====== RECORDS SUPPLIED ======
text \<open>Along the line through the centre that raises the coordinates in \<open>S\<close>, the second
  derivative of \<open>exp \<circ> \<phi>\<close> at the centre is a positive multiple of
  \<open>matrix_mass S - center_mass S\<close>.\<close>

lemma matrix_mass_less_center_mass:
  assumes S: "S \<noteq> {}" "S \<noteq> UNIV"
  shows "matrix_mass S < center_mass S"
proof -
  define n where "n = real CARD('n)"
  define s where "s = real (card S)"
  define \<alpha> where "\<alpha> = center_mass S"
  define A where "A = matrix_mass S"
  define v :: "real^'n" where "v = (\<chi> i. if i \<in> S then n - s else - s)"
  define M where "M t = (\<alpha> * (1/n - t * s) + t * n * A) / ((1/n - t * s) + t * n * \<alpha>)" for t
  define R where "R t = (n - s) * M t / (1/n + t * (n - s)) + (- s) * (1 - M t) / (1/n - t * s)" for t
  define g where "g t = exp (\<phi> (simplex_center + t *\<^sub>R v))" for t
  note dir_deriv_line = dir_deriv_along_block_line[OF S n_def s_def v_def M_def[unfolded \<alpha>_def A_def]]
  have n: "0 < n" unfolding n_def by simp
  have v_sum: "(\<Sum>i\<in>UNIV. v$i) = 0"
    unfolding v_def by (simp add: sum_if_mem s_def[symmetric] n_def[symmetric] algebra_simps)
  then have v: "v \<in> tangent_dirs" by (simp add: tangent_dirs_iff)
  have v_nz: "v \<noteq> 0"
  proof -
    obtain i0 where "i0 \<in> S" using S by blast
    moreover have "s < n"
      unfolding s_def n_def using S by (auto intro!: psubset_card_mono)
    ultimately have "v $ i0 \<noteq> 0" unfolding v_def by simp
    then show ?thesis by auto
  qed
  have "deriv (deriv g) 0 = g 0 * (R 0 ^ 2 + (n ^ 4 * (A - \<alpha>) - (n * (n * \<alpha> - s)) ^ 2))"
  proof (rule deriv2_of_logarithmic_derivative)
    show "eventually (\<lambda>t. (g has_real_derivative g t * R t) (at t)) (nhds 0)"
      using eventually_line_in_open_simplex[OF simplex_center_in_open_simplex v]
    proof (rule eventually_mono)
      fix t assume pt: "simplex_center + t *\<^sub>R v \<in> open_simplex"
      show "(g has_real_derivative g t * R t) (at t)"
        using DERIV_chain2[OF DERIV_exp line_has_derivative[OF simplex_center_in_open_simplex v pt]]
        unfolding g_def R_def dir_deriv_line[OF pt] by simp
    qed
    show "(R has_real_derivative n ^ 4 * (A - \<alpha>) - (n * (n * \<alpha> - s)) ^ 2) (at 0)"
      using block_rate_has_derivative[OF n, of s \<alpha> A] unfolding R_def[abs_def] M_def by simp
  qed
  also have "R 0 = n * (n * \<alpha> - s)"
    unfolding R_def M_def using n by (simp add: field_simps)
  finally have "deriv (deriv g) 0 = g 0 * n ^ 4 * (A - \<alpha>)"
    by simp
  moreover have "deriv (deriv g) 0 < 0"
    using regular simplex_center_in_open_simplex v_nz v_sum
    unfolding regular_exp_concave_def g_def[abs_def] by blast
  moreover have "0 < g 0" unfolding g_def by simp
  ultimately have "A - \<alpha> < 0"
    using n by (simp add: mult_less_0_iff)
  then show ?thesis unfolding A_def \<alpha>_def by simp
qed
text \<open>
  An operator T into ell_infinity^n is the tuple of its rows f_i = T^* e_i, and its norm is the
  largest norm of a row. Hence the extreme points \<plusminus>e_i of the unit ball of ell_1^n at which T^*
  attains its norm are those with norm f_i = 1.

  The dual of L(X, ell_infinity^n) is the ell_1-sum of n copies of X^**: every functional \<Psi>
  splits as a sum of functionals \<phi>_i applied to the i-th row, with the norms of the \<phi>_i summing
  to at most the norm of \<Psi>. If \<Psi> supports T, this forces each \<phi>_i to attain its norm at f_i,
  so \<phi>_i is a multiple of a support functional of f_i; conversely, a support functional of a row
  of norm 1 composed with that row supports T. Thus span J(T) is the direct sum of the spaces
  span J(f_i), and their dimensions add up; rows of norm less than 1 have no support functionals.
\<close>

section \<open>Dual spaces and support functionals\<close>

lemma finite_dimensional_dual:
  fixes B :: "'v::real_normed_vector set"
  assumes "finite B" and "span B = UNIV"
  shows "\<exists>C. finite C \<and> span C = (UNIV :: ('v \<Rightarrow>\<^sub>L real) set)"
proof -
  obtain B0 where B0: "B0 \<subseteq> B" "independent B0" "B \<subseteq> span B0"
    by (rule maximal_independent_subset)
  have "finite B0" using B0(1) assms(1) finite_subset by blast
  have span_B0: "span B0 = UNIV"
    using assms(2) span_mono[OF B0(3)] by (auto simp: span_span)
  \<comment> \<open>R records the values of a functional on the basis B0; it is injective since B0 spans.\<close>
  define R where "R g = (\<Sum>b\<in>B0. g b *\<^sub>R b)" for g :: "'v \<Rightarrow>\<^sub>L real"
  have "linear R"
    by (rule linearI) (simp_all add: R_def blinfun.add_left blinfun.scaleR_left scaleR_add_left
        sum.distrib scaleR_sum_right)
  have "inj R"
    unfolding linear_injective_0[OF \<open>linear R\<close>]
  proof (intro allI impI)
    fix g assume "R g = 0"
    then have "\<forall>b\<in>B0. g b = 0"
      using B0(2) \<open>finite B0\<close> by (auto simp: R_def dependent_finite)
    then have "g x = 0" for x
      using linear_eq_0_on_span[OF bounded_linear.linear[OF blinfun.bounded_linear_right], of B0 g x] span_B0 by auto
    then show "g = 0" by (intro blinfun_eqI) simp
  qed
  obtain C where C: "independent C" "(UNIV :: ('v \<Rightarrow>\<^sub>L real) set) \<subseteq> span C"
    by (rule maximal_independent_subset[of UNIV]) auto
  have "independent (R ` C)"
    using linear_independent_injective_image[OF \<open>linear R\<close> C(1)] \<open>inj R\<close> inj_on_subset by blast
  then have "finite (R ` C)"
    using independent_span_bound[OF assms(1)] assms(2) by auto
  then have "finite C" using \<open>inj R\<close> by (simp add: finite_image_iff inj_on_subset)
  then show ?thesis using C by auto
qed
lemma degree_reducing_0_ex1:
  assumes "F0 \<noteq> 0" and "d = dF + M + e"
  shows "\<exists>!(R0, R1). degree_reducing F0 F1 a d M 0 R0 R1"
proof -
  obtain R0 R1 where R: "degree_reducing F0 F1 a d M 0 R0 R1"
    using degree_reducing_0_exists[OF assms] .
  show ?thesis
    by (rule ex1_pairI, rule R) (rule degree_reducing_0_unique[OF assms R])
qed

lemma degree_reducing_1_ex1:
  assumes "F1 \<noteq> 0" and "d = dF + M + e"
  shows "\<exists>!(R0, R1). degree_reducing F0 F1 a d M 1 R0 R1"
proof -
  obtain R0 R1 where R: "degree_reducing F0 F1 a d M 1 R0 R1"
    using degree_reducing_1_exists[OF assms] .
  show ?thesis
    by (rule ex1_pairI, rule R) (rule degree_reducing_1_unique[OF assms R])
qed

lemma degree_reducing_0_1_iff:
  assumes "a \<noteq> 0" and "F0 \<noteq> 0" and "F1 \<noteq> 0" and d: "d = dF + M + e"
    and R: "degree_reducing F0 F1 a d M 0 R0 R1"
  shows "degree_reducing F0 F1 a d M 1 R0 R1 \<longleftrightarrow>
    ereal (real d) < fdeg F0 + fdeg F1 - fdeg (gcd F0 F1) + ereal (real M)"
proof -
  interpret swapped: filter_pair_factorization F1 F0 G1 G0 dF
    by (rule swap)
  have G: "G0 \<noteq> 0" "G1 \<noteq> 0"
    using F0_eq F1_eq assms(2,3) by auto
  obtain X Y where R0: "R0 = monom 1 M * X" and R1: "R1 = monom 1 M * Y"
    and sol: "reduced_bezout_solution G0 G1 (monom a e) X Y"
    using R degree_reducing_0_iff[OF assms(2) d] by blast
  have "degree_reducing F0 F1 a d M 1 R0 R1 \<longleftrightarrow> reduced_bezout_solution G1 G0 (- monom a e) Y X"
    unfolding degree_reducing_1_iff_swap[of F0] swapped.degree_reducing_0_iff[OF assms(3) d] R0 R1
      minus_monom by auto
  also have "\<dots> \<longleftrightarrow> e < degree G0 + degree G1"
    using reduced_bezout_solution_swap_iff[OF sol] assms(1) by (simp add: degree_monom_eq)
  also have "\<dots> \<longleftrightarrow> ereal (real d) < fdeg F0 + fdeg F1 - fdeg (gcd F0 F1) + ereal (real M)"
  proof -
    have "fdeg F0 + fdeg F1 - fdeg (gcd F0 F1) + ereal (real M)
        = ereal (real (dF + degree G0 + degree G1 + M))"
      using fdeg_monom_mult[of G0 dF] fdeg_monom_mult[of G1 dF] fdeg_monom_mult[of 1 dF] G
      unfolding gcd_eq by (simp add: F0_eq F1_eq)
    then show ?thesis
      unfolding d by (simp del: of_nat_add add: of_nat_add[symmetric])
  qed
  finally show ?thesis .
qed

lemma degree_reducing_complements_eq_iff:
  assumes "a \<noteq> 0" and F: "F0 \<noteq> 0" "F1 \<noteq> 0" and d: "d = dF + M + e"
    and R: "degree_reducing F0 F1 a d M 0 R0 R1"
    and R': "degree_reducing F0 F1 a d M 1 R0' R1'"
  shows "(R0, R1) = (R0', R1') \<longleftrightarrow>
    ereal (real d) < fdeg F0 + fdeg F1 - fdeg (gcd F0 F1) + ereal (real M)"
proof -
  have "(R0, R1) = (R0', R1') \<longleftrightarrow> degree_reducing F0 F1 a d M 1 R0 R1"
  proof
    assume "degree_reducing F0 F1 a d M 1 R0 R1"
    from degree_reducing_1_unique[OF F(2) d this R'] show "(R0, R1) = (R0', R1')"
      by simp
  qed (use R' in simp)
  also have "\<dots> \<longleftrightarrow>
      ereal (real d) < fdeg F0 + fdeg F1 - fdeg (gcd F0 F1) + ereal (real M)"
    by (rule degree_reducing_0_1_iff[OF assms(1) F d R])
  finally show ?thesis .
qed

end

theorem corollary2p5:
  fixes F0 F1 :: "complex poly" and a :: complex and d dF M :: nat
  assumes "a \<noteq> 0"
    and "gcd F0 F1 = monom 1 dF"
    and "dF \<le> d"
    and "M \<le> d - dF"
  shows "(F0 \<noteq> 0 \<longrightarrow> (\<exists>!(R0, R1). degree_reducing F0 F1 a d M 0 R0 R1))
       \<and> (F1 \<noteq> 0 \<longrightarrow> (\<exists>!(R0', R1'). degree_reducing F0 F1 a d M 1 R0' R1'))
       \<and> (\<forall>R0 R1 R0' R1'. F0 \<noteq> 0 \<longrightarrow> F1 \<noteq> 0 \<longrightarrow>
            degree_reducing F0 F1 a d M 0 R0 R1 \<longrightarrow>
            degree_reducing F0 F1 a d M 1 R0' R1' \<longrightarrow>
            ((R0, R1) = (R0', R1') \<longleftrightarrow>
               ereal (real d) < fdeg F0 + fdeg F1 - fdeg (gcd F0 F1) + ereal (real M)))"
proof -
  obtain G0 G1 where "filter_pair_factorization F0 F1 G0 G1 dF"
    using assms(2) by (rule filter_pair_factorization_exists)
  then interpret filter_pair_factorization F0 F1 G0 G1 dF .
  define e where "e = d - dF - M"
  have d: "d = dF + M + e"
    using assms(3,4) by (simp add: e_def)
  show ?thesis
    using degree_reducing_0_ex1[OF _ d] degree_reducing_1_ex1[OF _ d]
      degree_reducing_complements_eq_iff[OF assms(1) _ _ d]
    by simp
qed

end
(* Let $\mathcal{G}$ be a hereditary class of graphs (i.e., $G\in\mathcal{G}$ implies $G'\in\mathcal{G}$ for every subgraph $G'$ of $G$) such that $|E(G)|\le \ell\cdot|V(G)|$ for every $G\in\mathcal{G}$, for some constant $\ell$. Then for every $G\in\mathcal{G}$ and every terminal set $\mathcal{T}\subseteq V(G)$, $\mathrm{DegCost}^*(\mathcal{T})\le 2\ell\cdot q^*(\mathcal{T})$.
   Context: For $u\in V(G)$, $N[u]$ is $u$ together with its neighbors; for a subgraph $G'$, $N[G']=\bigcup_{u\in V(G')}N[u]$ and $\mathrm{Cost}(G')=|N[G']|$. $\mathrm{DegCost}(G')$ is the sum over nodes of $G'$ of their degrees in $G$. A Steiner tree for $\mathcal{T}$ is a tree $T\subseteq G$ with $\mathcal{T}\subseteq V(T)$. $q^*(\mathcal{T})=\min\mathrm{Cost}(T)$ and $\mathrm{DegCost}^*(\mathcal{T})=\min\mathrm{DegCost}(T)$, both minima over Steiner trees $T$ for $\mathcal{T}$. *)

theory Defs
  imports Complex_Main
begin

type_synonym 'a graph = "'a set \<times> 'a set set"

abbreviation verts :: "'a graph \<Rightarrow> 'a set" where "verts G \<equiv> fst G"
abbreviation edges :: "'a graph \<Rightarrow> 'a set set" where "edges G \<equiv> snd G"

definition wf_graph :: "'a graph \<Rightarrow> bool" where
  "wf_graph G \<longleftrightarrow> finite (verts G) \<and>
     (\<forall>e\<in>edges G. \<exists>u v. e = {u, v} \<and> u \<noteq> v \<and> u \<in> verts G \<and> v \<in> verts G)"

definition subgraph :: "'a graph \<Rightarrow> 'a graph \<Rightarrow> bool" where
  "subgraph H G \<longleftrightarrow> wf_graph H \<and> verts H \<subseteq> verts G \<and> edges H \<subseteq> edges G"

definition hereditary :: "'a graph set \<Rightarrow> bool" where
  "hereditary \<G> \<longleftrightarrow> (\<forall>G\<in>\<G>. wf_graph G) \<and> (\<forall>G\<in>\<G>. \<forall>H. subgraph H G \<longrightarrow> H \<in> \<G>)"

definition adj :: "'a graph \<Rightarrow> ('a \<times> 'a) set" where
  "adj G = {(u, v). {u, v} \<in> edges G}"

definition connected_graph :: "'a graph \<Rightarrow> bool" where
  "connected_graph G \<longleftrightarrow> verts G \<noteq> {} \<and>
     (\<forall>u\<in>verts G. \<forall>v\<in>verts G. (u, v) \<in> (adj G)\<^sup>*)"

definition has_cycle :: "'a graph \<Rightarrow> bool" where
  "has_cycle G \<longleftrightarrow> (\<exists>xs. length xs \<ge> 3 \<and> distinct xs \<and>
     (\<forall>i. i + 1 < length xs \<longrightarrow> {xs ! i, xs ! (i + 1)} \<in> edges G) \<and>
     {last xs, hd xs} \<in> edges G)"

definition is_tree :: "'a graph \<Rightarrow> bool" where
  "is_tree T \<longleftrightarrow> connected_graph T \<and> \<not> has_cycle T"

definition closed_nbhd :: "'a graph \<Rightarrow> 'a \<Rightarrow> 'a set" where
  "closed_nbhd G u = insert u {v. {u, v} \<in> edges G}"

definition degree :: "'a graph \<Rightarrow> 'a \<Rightarrow> nat" where
  "degree G u = card {v. {u, v} \<in> edges G}"

definition Cost :: "'a graph \<Rightarrow> 'a graph \<Rightarrow> nat" where
  "Cost G H = card (\<Union>u\<in>verts H. closed_nbhd G u)"

definition DegCost :: "'a graph \<Rightarrow> 'a graph \<Rightarrow> nat" where
  "DegCost G H = (\<Sum>u\<in>verts H. degree G u)"

definition steiner_tree :: "'a graph \<Rightarrow> 'a set \<Rightarrow> 'a graph \<Rightarrow> bool" where
  "steiner_tree G Ts T \<longleftrightarrow> subgraph T G \<and> is_tree T \<and> Ts \<subseteq> verts T"

definition q_star :: "'a graph \<Rightarrow> 'a set \<Rightarrow> nat" where
  "q_star G Ts = Min {Cost G T | T. steiner_tree G Ts T}"

definition DegCost_star :: "'a graph \<Rightarrow> 'a set \<Rightarrow> nat" where
  "DegCost_star G Ts = Min {DegCost G T | T. steiner_tree G Ts T}"

end

theory Submission
  imports Defs
begin

text \<open>Let \<open>T\<close> be a Steiner tree of minimum \<open>Cost\<close>, with vertex set \<open>S\<close>. The graph
  \<open>H\<close> on \<open>N[S]\<close> formed by the edges of \<open>G\<close> meeting \<open>S\<close> is a subgraph of \<open>G\<close>, so
  \<open>|E(H)| \<le> \<ell> |N[S]| = \<ell> q*(\<T>)\<close>. Every edge counted in \<open>DegCost(T)\<close> lies in \<open>H\<close>
  and is counted at most twice, so \<open>DegCost*(\<T>) \<le> DegCost(T) \<le> 2 |E(H)|\<close>.\<close>

lemma wf_graph_edges_subset_Pow: "wf_graph G \<Longrightarrow> edges G \<subseteq> Pow (verts G)"
  unfolding wf_graph_def by fastforce

lemma wf_graph_finite_edges: "wf_graph G \<Longrightarrow> finite (edges G)"
  using wf_graph_edges_subset_Pow[of G] unfolding wf_graph_def
  by (meson finite_Pow_iff finite_subset)

lemma wf_graph_card_edge: "wf_graph G \<Longrightarrow> e \<in> edges G \<Longrightarrow> card e = 2"
  unfolding wf_graph_def by fastforce

lemma degree_eq_card_incident_edges:
  assumes "wf_graph G"
  shows "degree G u = card {e \<in> edges G. u \<in> e}"
proof -
  have "bij_betw (\<lambda>v. {u, v}) {v. {u, v} \<in> edges G} {e \<in> edges G. u \<in> e}"
  proof (rule bij_betwI')
    fix e assume e: "e \<in> {e \<in> edges G. u \<in> e}"
    then obtain a b where "e = {a, b}" using assms unfolding wf_graph_def by blast
    with e show "\<exists>v\<in>{v. {u, v} \<in> edges G}. e = {u, v}"
      by (auto simp: insert_commute)
  qed (auto simp: doubleton_eq_iff)
  then show ?thesis unfolding degree_def by (rule bij_betw_same_card)
qed

lemma sum_degree_le_twice_card_edges_meeting:
  assumes "wf_graph G" and "finite S"
  shows "(\<Sum>u\<in>S. degree G u) \<le> 2 * card {e \<in> edges G. e \<inter> S \<noteq> {}}"
proof -
  define E where "E = {e \<in> edges G. e \<inter> S \<noteq> {}}"
  have "finite E" unfolding E_def using wf_graph_finite_edges[OF assms(1)] by auto
  have "(\<Sum>u\<in>S. degree G u) = (\<Sum>u\<in>S. card {e \<in> E. u \<in> e})"
    unfolding degree_eq_card_incident_edges[OF assms(1)]
    by (rule sum.cong) (auto simp: E_def intro!: arg_cong[where f = card])
  also have "\<dots> = (\<Sum>u\<in>S. \<Sum>e\<in>E. if u \<in> e then 1 else 0)"
    using \<open>finite E\<close> by (simp add: sum.If_cases Int_def conj_commute)
  also have "\<dots> = (\<Sum>e\<in>E. \<Sum>u\<in>S. if u \<in> e then 1 else 0)"
    by (rule sum.swap)
  also have "\<dots> = (\<Sum>e\<in>E. card (S \<inter> e))"
    using assms(2) by (simp add: sum.If_cases Int_def)
  also have "\<dots> \<le> (\<Sum>e\<in>E. 2)"
  proof (rule sum_mono)
    fix e assume "e \<in> E"
    then have "card e = 2" using wf_graph_card_edge[OF assms(1)] unfolding E_def by auto
    then show "card (S \<inter> e) \<le> 2"
      by (metis card_mono inf_le2 card.infinite zero_neq_numeral)
  qed
  finally show ?thesis unfolding E_def by simp
qed

definition nbhd_graph :: "'a graph \<Rightarrow> 'a set \<Rightarrow> 'a graph" where
  "nbhd_graph G S = ((\<Union>u\<in>S. closed_nbhd G u), {e \<in> edges G. e \<inter> S \<noteq> {}})"

lemma subgraph_nbhd_graph:
  assumes G: "wf_graph G" and S: "S \<subseteq> verts G"
  shows "subgraph (nbhd_graph G S) G"
proof -
  let ?N = "\<Union>u\<in>S. closed_nbhd G u"
  have "?N \<subseteq> verts G"
    using S wf_graph_edges_subset_Pow[OF G] unfolding closed_nbhd_def by auto
  moreover have "\<exists>u v. e = {u, v} \<and> u \<noteq> v \<and> u \<in> ?N \<and> v \<in> ?N"
    if e: "e \<in> edges G" "e \<inter> S \<noteq> {}" for e
  proof -
    obtain a b where ab: "e = {a, b}" "a \<noteq> b" using e G unfolding wf_graph_def by blast
    have "{b, a} \<in> edges G" using e ab by (simp add: insert_commute)
    then have "a \<in> ?N \<and> b \<in> ?N"
      using e ab unfolding closed_nbhd_def by auto
    with ab show ?thesis by blast
  qed
  ultimately show ?thesis
    using G unfolding subgraph_def wf_graph_def nbhd_graph_def by (auto intro: finite_subset)
qed

lemma DegCost_le_twice_card_edges_nbhd_graph:
  assumes "wf_graph G" and "subgraph T G"
  shows "DegCost G T \<le> 2 * card (edges (nbhd_graph G (verts T)))"
  using sum_degree_le_twice_card_edges_meeting[OF assms(1)] assms(2)
  unfolding DegCost_def nbhd_graph_def subgraph_def wf_graph_def by simp

lemma Cost_eq_card_verts_nbhd_graph: "Cost G T = card (verts (nbhd_graph G (verts T)))"
  unfolding Cost_def nbhd_graph_def by simp

lemma DegCost_le_twice_density_Cost:
  fixes \<G> :: "'a graph set" and l :: real
  assumes "hereditary \<G>"
    and "\<forall>G\<in>\<G>. real (card (edges G)) \<le> l * real (card (verts G))"
    and "G \<in> \<G>" and "subgraph T G"
  shows "real (DegCost G T) \<le> 2 * l * real (Cost G T)"
proof -
  have G: "wf_graph G" using assms(1,3) unfolding hereditary_def by blast
  have "verts T \<subseteq> verts G" using assms(4) unfolding subgraph_def by blast
  then have "nbhd_graph G (verts T) \<in> \<G>"
    using subgraph_nbhd_graph[OF G] assms(1,3) unfolding hereditary_def by blast
  then have "real (card (edges (nbhd_graph G (verts T)))) \<le> l * real (Cost G T)"
    using assms(2) unfolding Cost_eq_card_verts_nbhd_graph by blast
  moreover have "real (DegCost G T) \<le> 2 * real (card (edges (nbhd_graph G (verts T))))"
    using DegCost_le_twice_card_edges_nbhd_graph[OF G assms(4)] by linarith
  ultimately show ?thesis by linarith
qed

lemma finite_steiner_trees:
  assumes "wf_graph G"
  shows "finite {T. steiner_tree G Ts T}"
proof (rule finite_subset)
  show "{T. steiner_tree G Ts T} \<subseteq> Pow (verts G) \<times> Pow (edges G)"
    unfolding steiner_tree_def subgraph_def by auto
  show "finite (Pow (verts G) \<times> Pow (edges G))"
    using assms wf_graph_finite_edges[OF assms] unfolding wf_graph_def by auto
qed

lemma q_star_attained:
  assumes "wf_graph G" and "\<exists>T. steiner_tree G Ts T"
  obtains T where "steiner_tree G Ts T" and "Cost G T = q_star G Ts"
proof -
  have "finite {Cost G T | T. steiner_tree G Ts T}"
    using finite_image_set[OF finite_steiner_trees[OF assms(1)]] by blast
  then have "q_star G Ts \<in> {Cost G T | T. steiner_tree G Ts T}"
    unfolding q_star_def using assms(2) by (intro Min_in) auto
  then show ?thesis using that by auto
qed

lemma DegCost_star_le:
  assumes "wf_graph G" and "steiner_tree G Ts T"
  shows "DegCost_star G Ts \<le> DegCost G T"
proof -
  have "finite {DegCost G T | T. steiner_tree G Ts T}"
    using finite_image_set[OF finite_steiner_trees[OF assms(1)]] by blast
  then show ?thesis unfolding DegCost_star_def using assms(2) by (intro Min_le) (auto, metis prod.collapse)
qed

theorem proposition1:
  fixes \<G> :: "'a graph set" and l :: real
  assumes "hereditary \<G>"
    and "\<forall>G\<in>\<G>. real (card (edges G)) \<le> l * real (card (verts G))"
    and "G \<in> \<G>"
    and "Ts \<subseteq> verts G"
    and "\<exists>T. steiner_tree G Ts T"
  shows "real (DegCost_star G Ts) \<le> 2 * l * real (q_star G Ts)"
proof -
  have G: "wf_graph G" using assms(1,3) unfolding hereditary_def by blast
  obtain T where T: "steiner_tree G Ts T" and "Cost G T = q_star G Ts"
    using q_star_attained[OF G assms(5)] .
  have "real (DegCost_star G Ts) \<le> real (DegCost G T)"
    using DegCost_star_le[OF G T] by simp
  also have "\<dots> \<le> 2 * l * real (Cost G T)"
    using DegCost_le_twice_density_Cost[OF assms(1-3)] T unfolding steiner_tree_def by blast
  finally show ?thesis using \<open>Cost G T = q_star G Ts\<close> by simp
qed

end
======
Restate, please, word for word the span of records running from the first line to the line bearing "note dir_deriv_line = dir_deriv_along_block_line[OF", both included, and nothing outside it.

text \<open>Along the line through the centre that raises the coordinates in \<open>S\<close>, the second
  derivative of \<open>exp \<circ> \<phi>\<close> at the centre is a positive multiple of
  \<open>matrix_mass S - center_mass S\<close>.\<close>

lemma matrix_mass_less_center_mass:
  assumes S: "S \<noteq> {}" "S \<noteq> UNIV"
  shows "matrix_mass S < center_mass S"
proof -
  define n where "n = real CARD('n)"
  define s where "s = real (card S)"
  define \<alpha> where "\<alpha> = center_mass S"
  define A where "A = matrix_mass S"
  define v :: "real^'n" where "v = (\<chi> i. if i \<in> S then n - s else - s)"
  define M where "M t = (\<alpha> * (1/n - t * s) + t * n * A) / ((1/n - t * s) + t * n * \<alpha>)" for t
  define R where "R t = (n - s) * M t / (1/n + t * (n - s)) + (- s) * (1 - M t) / (1/n - t * s)" for t
  define g where "g t = exp (\<phi> (simplex_center + t *\<^sub>R v))" for t
  note dir_deriv_line = dir_deriv_along_block_line[OF S n_def s_def v_def M_def[unfolded \<alpha>_def A_def]]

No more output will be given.